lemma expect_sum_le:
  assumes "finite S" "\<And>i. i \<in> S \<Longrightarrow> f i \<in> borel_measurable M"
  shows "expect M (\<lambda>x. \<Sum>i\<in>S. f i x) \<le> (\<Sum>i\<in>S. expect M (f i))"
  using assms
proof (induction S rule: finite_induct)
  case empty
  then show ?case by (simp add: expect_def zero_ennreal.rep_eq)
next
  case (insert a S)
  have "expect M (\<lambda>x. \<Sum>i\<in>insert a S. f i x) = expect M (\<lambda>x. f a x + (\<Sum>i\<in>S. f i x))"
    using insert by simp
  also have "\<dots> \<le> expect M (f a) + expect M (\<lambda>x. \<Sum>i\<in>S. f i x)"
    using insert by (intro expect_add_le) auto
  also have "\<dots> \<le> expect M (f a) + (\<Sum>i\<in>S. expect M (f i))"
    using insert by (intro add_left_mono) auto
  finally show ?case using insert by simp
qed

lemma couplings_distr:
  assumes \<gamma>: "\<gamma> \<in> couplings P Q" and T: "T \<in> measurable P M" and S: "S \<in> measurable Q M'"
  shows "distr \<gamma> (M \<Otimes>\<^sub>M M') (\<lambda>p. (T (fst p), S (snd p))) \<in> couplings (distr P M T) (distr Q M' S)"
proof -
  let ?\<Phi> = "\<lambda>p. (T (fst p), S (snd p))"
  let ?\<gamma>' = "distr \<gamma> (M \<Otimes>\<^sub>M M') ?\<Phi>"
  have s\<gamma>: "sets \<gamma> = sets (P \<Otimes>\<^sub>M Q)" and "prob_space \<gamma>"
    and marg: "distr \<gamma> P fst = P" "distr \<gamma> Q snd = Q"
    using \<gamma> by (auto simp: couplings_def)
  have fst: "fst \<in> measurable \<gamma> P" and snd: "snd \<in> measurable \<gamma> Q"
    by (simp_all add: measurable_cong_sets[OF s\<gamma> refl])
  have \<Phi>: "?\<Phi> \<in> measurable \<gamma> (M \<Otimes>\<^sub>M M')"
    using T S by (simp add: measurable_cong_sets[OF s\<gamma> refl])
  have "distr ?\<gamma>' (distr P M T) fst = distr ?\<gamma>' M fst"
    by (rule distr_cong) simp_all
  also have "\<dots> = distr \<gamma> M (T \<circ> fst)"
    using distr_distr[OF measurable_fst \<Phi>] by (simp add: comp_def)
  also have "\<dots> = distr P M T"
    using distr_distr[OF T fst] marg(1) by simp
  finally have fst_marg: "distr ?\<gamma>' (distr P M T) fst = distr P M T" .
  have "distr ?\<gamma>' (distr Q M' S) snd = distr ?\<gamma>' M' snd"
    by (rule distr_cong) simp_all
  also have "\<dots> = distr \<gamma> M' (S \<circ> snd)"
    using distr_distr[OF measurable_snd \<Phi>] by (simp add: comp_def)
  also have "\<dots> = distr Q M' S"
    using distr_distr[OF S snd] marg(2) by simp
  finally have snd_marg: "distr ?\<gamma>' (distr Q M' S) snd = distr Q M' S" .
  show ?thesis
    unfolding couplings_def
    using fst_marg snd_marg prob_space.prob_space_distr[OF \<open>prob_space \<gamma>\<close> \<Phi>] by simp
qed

■ ■ ■ ■ ■

Prompt: Only the lines from the start of the material through the line bearing "using insert by (intro expect_add_le)" are needed, restated exactly, with both end lines included.

Written response:
lemma expect_sum_le:
  assumes "finite S" "\<And>i. i \<in> S \<Longrightarrow> f i \<in> borel_measurable M"
  shows "expect M (\<lambda>x. \<Sum>i\<in>S. f i x) \<le> (\<Sum>i\<in>S. expect M (f i))"
  using assms
proof (induction S rule: finite_induct)
  case empty
  then show ?case by (simp add: expect_def zero_ennreal.rep_eq)
next
  case (insert a S)
  have "expect M (\<lambda>x. \<Sum>i\<in>insert a S. f i x) = expect M (\<lambda>x. f a x + (\<Sum>i\<in>S. f i x))"
    using insert by simp
  also have "\<dots> \<le> expect M (f a) + expect M (\<lambda>x. \<Sum>i\<in>S. f i x)"
    using insert by (intro expect_add_le) auto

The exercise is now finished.